* **SOURCE MATERIAL**
......

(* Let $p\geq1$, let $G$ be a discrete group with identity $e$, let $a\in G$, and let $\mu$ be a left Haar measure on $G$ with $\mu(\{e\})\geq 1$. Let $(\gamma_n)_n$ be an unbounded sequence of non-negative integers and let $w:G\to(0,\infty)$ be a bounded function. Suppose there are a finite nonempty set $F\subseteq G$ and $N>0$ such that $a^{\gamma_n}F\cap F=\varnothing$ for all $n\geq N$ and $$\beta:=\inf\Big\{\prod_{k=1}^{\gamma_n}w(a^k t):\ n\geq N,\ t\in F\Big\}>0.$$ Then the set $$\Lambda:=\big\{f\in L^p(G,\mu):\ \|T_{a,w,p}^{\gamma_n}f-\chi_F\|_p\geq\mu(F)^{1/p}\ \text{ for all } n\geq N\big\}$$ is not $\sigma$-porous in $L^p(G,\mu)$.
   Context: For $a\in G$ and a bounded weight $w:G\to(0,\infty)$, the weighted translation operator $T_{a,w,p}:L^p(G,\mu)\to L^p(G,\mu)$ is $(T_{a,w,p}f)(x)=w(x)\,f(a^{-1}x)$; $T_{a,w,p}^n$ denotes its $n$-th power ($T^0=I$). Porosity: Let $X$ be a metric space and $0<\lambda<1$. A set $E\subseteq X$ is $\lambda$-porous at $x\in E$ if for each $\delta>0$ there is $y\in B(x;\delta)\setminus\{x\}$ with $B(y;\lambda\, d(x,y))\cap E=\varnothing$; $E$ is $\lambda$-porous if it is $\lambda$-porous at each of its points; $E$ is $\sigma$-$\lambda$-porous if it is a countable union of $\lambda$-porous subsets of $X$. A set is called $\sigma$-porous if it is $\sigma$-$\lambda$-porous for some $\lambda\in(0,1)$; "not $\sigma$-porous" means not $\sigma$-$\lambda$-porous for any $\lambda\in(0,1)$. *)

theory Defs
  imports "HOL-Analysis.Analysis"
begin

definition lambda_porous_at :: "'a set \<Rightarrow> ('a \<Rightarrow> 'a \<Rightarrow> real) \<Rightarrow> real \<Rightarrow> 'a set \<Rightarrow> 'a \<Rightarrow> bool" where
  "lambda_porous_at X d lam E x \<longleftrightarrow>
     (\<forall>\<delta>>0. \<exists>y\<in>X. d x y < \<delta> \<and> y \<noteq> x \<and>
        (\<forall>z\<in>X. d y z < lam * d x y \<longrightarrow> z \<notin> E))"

......

* **ACTION ITEM**
Look at the material above and copy, word for word, its lines from the first through the one containing "set \<Rightarrow> ('a".

* **EXERCISE SOLUTION**
(* Let $p\geq1$, let $G$ be a discrete group with identity $e$, let $a\in G$, and let $\mu$ be a left Haar measure on $G$ with $\mu(\{e\})\geq 1$. Let $(\gamma_n)_n$ be an unbounded sequence of non-negative integers and let $w:G\to(0,\infty)$ be a bounded function. Suppose there are a finite nonempty set $F\subseteq G$ and $N>0$ such that $a^{\gamma_n}F\cap F=\varnothing$ for all $n\geq N$ and $$\beta:=\inf\Big\{\prod_{k=1}^{\gamma_n}w(a^k t):\ n\geq N,\ t\in F\Big\}>0.$$ Then the set $$\Lambda:=\big\{f\in L^p(G,\mu):\ \|T_{a,w,p}^{\gamma_n}f-\chi_F\|_p\geq\mu(F)^{1/p}\ \text{ for all } n\geq N\big\}$$ is not $\sigma$-porous in $L^p(G,\mu)$.
   Context: For $a\in G$ and a bounded weight $w:G\to(0,\infty)$, the weighted translation operator $T_{a,w,p}:L^p(G,\mu)\to L^p(G,\mu)$ is $(T_{a,w,p}f)(x)=w(x)\,f(a^{-1}x)$; $T_{a,w,p}^n$ denotes its $n$-th power ($T^0=I$). Porosity: Let $X$ be a metric space and $0<\lambda<1$. A set $E\subseteq X$ is $\lambda$-porous at $x\in E$ if for each $\delta>0$ there is $y\in B(x;\delta)\setminus\{x\}$ with $B(y;\lambda\, d(x,y))\cap E=\varnothing$; $E$ is $\lambda$-porous if it is $\lambda$-porous at each of its points; $E$ is $\sigma$-$\lambda$-porous if it is a countable union of $\lambda$-porous subsets of $X$. A set is called $\sigma$-porous if it is $\sigma$-$\lambda$-porous for some $\lambda\in(0,1)$; "not $\sigma$-porous" means not $\sigma$-$\lambda$-porous for any $\lambda\in(0,1)$. *)

theory Defs
  imports "HOL-Analysis.Analysis"
begin

definition lambda_porous_at :: "'a set \<Rightarrow> ('a \<Rightarrow> 'a \<Rightarrow> real) \<Rightarrow> real \<Rightarrow> 'a set \<Rightarrow> 'a \<Rightarrow> bool" where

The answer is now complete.